When Elisabeth Murdoch gave a lecture at a British media event in August criticising the way that her family’s News Corporation organisation has been run, it nicely illustrated a generational shift in attitude.
The focus of her ire was the culture at her father Rupert’s firms, particularly the newspapers that have been engulfed in a phone-hacking crisis, which she suggested was motivated by greed, or “profit without purpose”, as she put it. She talked about “moral language”, something she implied was missing from her family’s empire. Good performance, she implied, was not to be evaluated with reference only to the bottom line, but ethics.
Ms Murdoch is not alone in looking for a new definition of performance. Penny Webb, who runs family business consultancy Familias & Co, says that next generations increasingly talk about success in a wider context than cold, hard cash. “In the past, performance was measured in terms of profit and growth,” says Ms Webb, “and now we see it measured in contribution to social capital, in terms of philanthropy and charitable giving.”
Forward-looking family businesses are making sure social performance is aligned to business performance
When deciding whether to join the family business they look at different things than their parents did. “They have different criteria for joining a firm,” she says. “This generation put social responsibility and ethics as one of the top three criteria for joining a firm. People want to belong to businesses that reflect their values.”
The most forward-looking family businesses are, Ms Webb says, “extending the meaning of performance, making sure that social performance is aligned to business performance, which is aligned to your individual values as a family”. She says she’s “seen frustration in some next gens, who think their parents pay lip-service to social good, but by and large the future is going to belong to these people and they have a much more integrated idea of what performance means, a more aligned view”. Ms Webb is writing a book examining how religious faith informs many businesses around the world, something which she thinks is becoming more common.
One spectacular example where a next generation changed the parameters of performance is Vestergaard Frandsen, a Danish maker of suit linings until the third-generation Mikkel developed an interest in Africa and, while still in his 20s, started manufacturing insecticidal tents for refugees. It also makes the LifeStraw, a drinking tube that filters out impurities in water. The company recently developed a scheme funded by carbon credits to distribute 900,000 free LifeStraws in Kenya. It estimates that 400,000 children’s lives will be saved by two million mosquito nets it distributed in Niger in 2006. And it is now 20 times larger than when it was making linings.
Edouard Thijssen, 25, a fifth-generation member of the Belgian family behind the Aliaxis plastics business, says the next generation needs to decide “what would good performance be over the next 20 or 30 years”. He adds: “The performance metrics for businesses are relatively straightforward. I think what’s key is for every new generation to define their long-term performance metrics and vision – Why are we together? What do we want to do together? How will we get there? – and I think that there is maybe quite a big difference between our generation and previous generations.”
That involves integrating philanthropy into the business, he says. “In the previous generations, there were business leaders who worked very hard into their 40s and 50s, and then retired and started doing philanthropy. My generation, who are at the start of their careers, want to integrate social concepts and responsibility in what we are doing right from the beginning.”

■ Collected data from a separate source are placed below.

(* Between arrivals the controlled surplus is continuous, so a negative value at t is
   seen at a nearby rational: after the last arrival before t, or just after t when
   infinitely many arrivals precede t (then Ncount is 0 and no claims are subtracted). *)
lemma ruin_free_before_iff_countable:
  fixes D :: "real \<Rightarrow> 'w \<Rightarrow> real"
  assumes U: "\<And>i. 0 \<le> U i \<omega>"
    and D: "mono_on {0..} (\<lambda>s. D s \<omega>)" "\<And>s. s \<ge> 0 \<Longrightarrow> 0 \<le> D s \<omega> \<and> D s \<omega> \<le> cb"
    and p: "0 < p" and cb: "0 < cb"
  shows "(\<forall>t. 0 \<le> t \<and> t < a \<longrightarrow> 0 \<le> controlled (surplus p E U x) D t \<omega>) \<longleftrightarrow>
     (\<forall>r\<in>\<rat>. 0 \<le> r \<and> r < a \<longrightarrow> 0 \<le> controlled (surplus p E U x) D r \<omega>) \<and>
     (\<forall>n. 0 \<le> arrival E n \<omega> \<and> arrival E n \<omega> < a
        \<longrightarrow> 0 \<le> controlled (surplus p E U x) D (arrival E n \<omega>) \<omega>)"
    (is "?L \<longleftrightarrow> ?R")
proof
  assume ?R
  show ?L
  proof (intro allI impI)
    fix t assume t: "0 \<le> t \<and> t < a"
    show "0 \<le> controlled (surplus p E U x) D t \<omega>"
    proof (rule ccontr)
      assume "\<not> ?thesis"
      then have neg: "controlled (surplus p E U x) D t \<omega> < 0" by simp
      have "t \<notin> \<rat>" using \<open>?R\<close> t neg by auto
      then have "0 < t" using t by (metis Rats_0 order_le_less)
      have not_arrival: "arrival E n \<omega> \<noteq> t" for n using \<open>?R\<close> t neg by auto
      show False
      proof (cases "finite {n. arrival E n \<omega> \<le> t}")
        case True
        then show False
          using controlled_neg_rational_before[OF D(1) _ cb _ True not_arrival \<open>0 < t\<close> neg] D(2) p \<open>?R\<close> t
          by fastforce
      next
        case False
        then show False
          using controlled_neg_rational_after[OF U D(1) _ p False _ _ neg] D(2) \<open>?R\<close> t by fastforce
      qed
    qed
  qed
qed auto
(* Let $\Omega\subset\mathbb{R}^n$ be a bounded Lipschitz domain, $T>0$, $\Omega_T=(0,T]\times\Omega$, $W$ a Hilbert space of measurable functions on $\Omega_T$ continuously embedded in $L^2(0,T;L^2(\Omega))$, $y_0\in L^2(\Omega)$, and $S:L^2(0,T;\mathbb{R}^2)\to W$ a continuous affine map with $\|S(u)\|_W\le C(\|u\|_{L^2(0,T;\mathbb{R}^2)}+\|y_0\|_{L^2(\Omega)})$ for a constant $C$ independent of $u,y_0$; let $S_0$ be its linear part (the map $S$ with $y_0=0$) and $\|S_0\|$ its operator norm from $L^2(0,T;\mathbb{R}^2)$ to $L^2(0,T;L^2(\omega_{\mathrm{obs}}))$, where $\omega_{\mathrm{obs}}\subset\Omega$. Let $y^d\in L^2(0,T;L^2(\omega_{\mathrm{obs}}))$, $\alpha>0$, $\varepsilon>0$, $\mathcal{U}=H^1(0,T;\mathbb{R}^2)$, and $\beta>\|S_0\|^2+\alpha+\pi^2$. Let $\bar u\in\mathcal{U}$ be a local minimizer over $\mathcal{U}$ of $$J_\beta(u)=\frac12\|Su-y^d\|^2_{L^2(0,T;L^2(\omega_{\mathrm{obs}}))}+\frac\alpha2\|u\|^2_{L^2(0,T;\mathbb{R}^2)}+\frac\varepsilon2\|u_t\|^2_{L^2(0,T;\mathbb{R}^2)}+\beta\int_0^T|u_1(t)u_2(t)|\,dt.$$ Then $\bar u_1(t)\bar u_2(t)=0$ for all $t\in[0,T]$ apart from intervals of length at most $\sqrt\varepsilon$; i.e. every interval contained in $\{t\in[0,T]:\bar u_1(t)\bar u_2(t)\neq0\}$ has length at most $\sqrt{\varepsilon}$.
   Context: $Su=S(u)$ is the state for control $u=(u_1,u_2)$, restricted to $(0,T)\times\omega_{\mathrm{obs}}$ in the tracking term. Elements of $H^1(0,T;\mathbb{R}^2)$ are identified with their continuous representatives. *)

theory Defs
  imports "HOL-Analysis.Analysis"
begin

text \<open>Controls u = (u1,u2) are functions real => real * real, considered on [0,T].
  The Euclidean norm of a pair is the product norm.\<close>

definition ctrl_L2 :: "real \<Rightarrow> (real \<Rightarrow> real \<times> real) \<Rightarrow> bool" where
  "ctrl_L2 T u \<longleftrightarrow> set_borel_measurable lborel {0..T} u \<and>
     set_integrable lborel {0..T} (\<lambda>t. (norm (u t))^2)"

definition ctrl_nsq :: "real \<Rightarrow> (real \<Rightarrow> real \<times> real) \<Rightarrow> real" where
  "ctrl_nsq T u = (LINT t:{0..T}|lborel. (norm (u t))^2)"

definition weak_deriv :: "real \<Rightarrow> (real \<Rightarrow> real \<times> real) \<Rightarrow> (real \<Rightarrow> real \<times> real) \<Rightarrow> bool" where
  "weak_deriv T u g \<longleftrightarrow> ctrl_L2 T g \<and>
     (\<forall>t\<in>{0..T}. u t = u 0 + (LINT s:{0..t}|lborel. g s))"

text \<open>H^1(0,T;R^2), elements identified with their continuous representatives.\<close>
definition H1 :: "real \<Rightarrow> (real \<Rightarrow> real \<times> real) \<Rightarrow> bool" where
  "H1 T u \<longleftrightarrow> ctrl_L2 T u \<and> continuous_on {0..T} u \<and> (\<exists>g. weak_deriv T u g)"

definition dt :: "real \<Rightarrow> (real \<Rightarrow> real \<times> real) \<Rightarrow> (real \<Rightarrow> real \<times> real)" where
  "dt T u = (SOME g. weak_deriv T u g)"

definition H1_nsq :: "real \<Rightarrow> (real \<Rightarrow> real \<times> real) \<Rightarrow> real" where
  "H1_nsq T u = ctrl_nsq T u + ctrl_nsq T (dt T u)"

definition obs_L2 :: "real \<Rightarrow> 'a::euclidean_space set \<Rightarrow> (real \<times> 'a \<Rightarrow> real) \<Rightarrow> bool" where
  "obs_L2 T \<omega> y \<longleftrightarrow> set_borel_measurable lborel ({0<..<T} \<times> \<omega>) y \<and>
     set_integrable lborel ({0<..<T} \<times> \<omega>) (\<lambda>z. (y z)^2)"

definition obs_nsq :: "real \<Rightarrow> 'a::euclidean_space set \<Rightarrow> (real \<times> 'a \<Rightarrow> real) \<Rightarrow> real" where
  "obs_nsq T \<omega> y = (LINT z:({0<..<T} \<times> \<omega>)|lborel. (y z)^2)"

definition lin_part :: "((real \<Rightarrow> real \<times> real) \<Rightarrow> (real \<times> 'a \<Rightarrow> real)) \<Rightarrow>
     (real \<Rightarrow> real \<times> real) \<Rightarrow> (real \<times> 'a \<Rightarrow> real)" where
  "lin_part S u = (\<lambda>z. S u z - S (\<lambda>_. 0) z)"
theorem proposition1:
  fixes C D :: "real^'n^'n" and pi :: "real^'n"
  assumes "is_MAP C D"
    and "diagonal_mat D \<or> diagonal_mat C"
    and "pi v* (C + D) = 0"
    and "pi \<bullet> ones = 1"
  shows "(pi v* (D ** devmat (C + D) pi ** D)) \<bullet> ones \<ge> 0"
proof -
  define Q where "Q = C + D"
  have gen: "generator Q" and irr: "irreducible_gen Q"
    using assms(1) unfolding is_MAP_def Q_def by auto
  have pQ: "pi v* Q = 0" and p1: "pi \<bullet> ones = 1"
    using assms(3,4) by (simp_all add: Q_def)
  have Q1: "Q *v ones = 0"
    by (rule generator_matrix_vector_mult_ones[OF gen])
  show ?thesis
  proof (cases "(\<lambda>u. mexp (u *\<^sub>R Q) - (\<chi> i. pi)) integrable_on {0..}")
    case int: True
    obtain x where "(pi v* (D ** devmat Q pi ** D)) \<bullet> ones
        = (\<Sum>i\<in>UNIV. pi $ i * x $ i * (devmat Q pi *v x) $ i)"
      using diagonal_MAP_weighted_form[OF assms(2,3)] Q1 unfolding Q_def by blast
    also have "\<dots> \<ge> 0"
      by (rule deviation_weighted_form_nonneg[OF gen stationary_nonneg[OF gen irr pQ p1] pQ p1
            vector_matrix_mult_devmat[OF pQ p1 int] devmat_matrix_vector_mult_ones[OF Q1 p1 int]
            matrix_mult_devmat[OF Q1 int]])
    finally show ?thesis
      by (simp add: Q_def)
  next
    case False
    \<comment> \<open>the improper integral diverges, so devmat is the junk value 0\<close>
    then have "devmat Q pi = 0"
      by (simp add: devmat_def not_integrable_integral)
    then show ?thesis
      by (simp add: Q_def vector_matrix_mult_def flip: zero_vec_def)
  qed
qed

end
(* Let $p\neq 0$ be a real number and let $N=\begin{pmatrix} n_{00} & n_{01}\\ n_{10} & n_{11}\end{pmatrix}\in SL(2,\mathbb{Z})$ have eigenvalues $e^{p}$ and $e^{-p}$. Let $(x_0,x_1)$ be an eigenvector of $N$ for the eigenvalue $e^{p}$ and $(y_0,y_1)$ an eigenvector for $e^{-p}$, and put $z_2=x_1y_0-x_0y_1$. Then there is a co-compact discrete subgroup $\Gamma(p)$ of $G(p)$ of the form $$\Gamma(p)=(\Gamma_N\rtimes_{\psi}\mathbb{Z})\rtimes_{\phi} z_2\mathbb{Z},$$ where $\Gamma_N$ is a co-compact discrete subgroup of $H(1,1)$ such that (1) $\Gamma_N$ is invariant under $\psi(m)$ for every $m\in\mathbb{Z}$, and (2) $\Gamma_S=\Gamma_N\rtimes_\psi\mathbb{Z}$ is a co-compact discrete subgroup of $S=H(1,1)\rtimes_\psi\mathbb{R}$ which is invariant under $\phi(t)$ for every $t\in z_2\mathbb{Z}$.
   Context: $H(1,1)$ is the $3$-dimensional Heisenberg group of real upper triangular unipotent $3\times 3$ matrices $\begin{pmatrix}1&x&z\\0&1&y\\0&0&1\end{pmatrix}$, identified with $\mathbb{R}^3$ with coordinates $(x,y,z)$, so $(x,y,z)(x',y',z')=(x+x',y+y',z+z'+xy')$. For $u\in\mathbb{R}$, $\psi(u)\in\mathrm{Aut}(H(1,1))$ is $\psi(u)(x,y,z)=(e^{pu}x,e^{-pu}y,z)$, and $S=H(1,1)\rtimes_\psi\mathbb{R}$ is $\mathbb{R}^4$ with coordinates $(x,y,z,u)$ and product $(x,y,z,u)(x',y',z',u')=(x+e^{pu}x',\,y+e^{-pu}y',\,z+z'+xe^{-pu}y',\,u+u')$. For $t\in\mathbb{R}$, $\phi(t)\in\mathrm{Aut}(S)$ is $\phi(t)(x,y,z,u)=(x,y,z+tu,u)$, and $G(p)=S\rtimes_\phi\mathbb{R}$ is $\mathbb{R}^5$ with coordinates $(x,y,z,u,t)$ and product $(x,y,z,u,t)(x',y',z',u',t')=(x+e^{pu}x',\,y+e^{-pu}y',\,z+z'+xe^{-pu}y'+tu',\,u+u',\,t+t')$. For a subgroup $\Gamma_N\subset H(1,1)$ invariant under $\psi(\mathbb{Z})$, $\Gamma_N\rtimes_\psi\mathbb{Z}$ denotes the subgroup $\{(h,u):h\in\Gamma_N,u\in\mathbb{Z}\}$ of $S$; similarly $\Gamma_S\rtimes_\phi z_2\mathbb{Z}=\{(s,t): s\in\Gamma_S,\ t\in z_2\mathbb{Z}\}\subset G(p)$. *)

theory Defs
  imports "HOL-Analysis.Analysis" "HOL-Algebra.Group" "HOL-Algebra.Coset"
begin

definition heis_mult :: "real \<times> real \<times> real \<Rightarrow> real \<times> real \<times> real \<Rightarrow> real \<times> real \<times> real" where
  "heis_mult a b = (case a of (x,y,z) \<Rightarrow> case b of (x',y',z') \<Rightarrow> (x+x', y+y', z+z'+x*y'))"

definition Heis :: "(real \<times> real \<times> real) monoid" where
  "Heis = \<lparr>carrier = UNIV, mult = heis_mult, one = (0,0,0)\<rparr>"

definition psi :: "real \<Rightarrow> real \<Rightarrow> real \<times> real \<times> real \<Rightarrow> real \<times> real \<times> real" where
  "psi p u h = (case h of (x,y,z) \<Rightarrow> (exp (p*u) * x, exp (-(p*u)) * y, z))"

Technology and ethics are intertwined, says Joachim Schwass, a family business expert at Swiss business school IMD. “Growing up in the interconnected world, and seeing more inequality and what’s going on out there has made the younger generation more cynical in regards to business,” he says. “I think that younger people in general are more averse to the idea of maximising profit, which sounds too much like greed.”
Yet Mr Schwass also thinks that next gens are tougher than the senior generation, when it comes to measuring performance. “They want everybody to be more accountable and to be more quantitatively oriented. They have done their MBAs and business education can be incredibly quantifying, whereas the post-war generation did not have that education and was more practically oriented.”
He cites the Ayala Corporation, a 175-year-old family conglomerate from the Philippines. In 1997 the sixth-generation brothers decided to improve access to drinking water in Manila, despite resistance from the older generation, and in 1997 set up a business called Manila Water. Back then only 29 per cent of the six million population in its area of operation had water 24 hours a day; now 99 per cent do. Leakage has been reduced from 67 per cent to 11 per cent. And revenues were £179 million last year.
Even businesses where social good has always been important are integrating it further. Rose Damen, a 27-year-old, third-generation member of the Dutch shipbuilding firm Damen, says the business has always invested in the African and Asian countries where it operates, and funds a Dutch modern dance company. But now environmental concerns are also taking centre stage. “My father was a bit sceptical about the green issue, but we as children, particularly my older brother, who is 42 and on the executive board, have been big cheerleaders about it,” she says. “We built a hybrid tug-boat – and my brother is one of the people who really supported that. We have actually always been pretty green, but he has helped us come up with new standards and has really pushed that side of things.” Ms Damen doesn’t know whether her future lies in the firm but, if she does stay, you can bet that things will change.
“I want to be able to look back in 40 years’ time and think that I contributed something,” she says. “To feel happy in my work and to perform, I would have to feel good about it.” Profit, it seems, is no longer enough.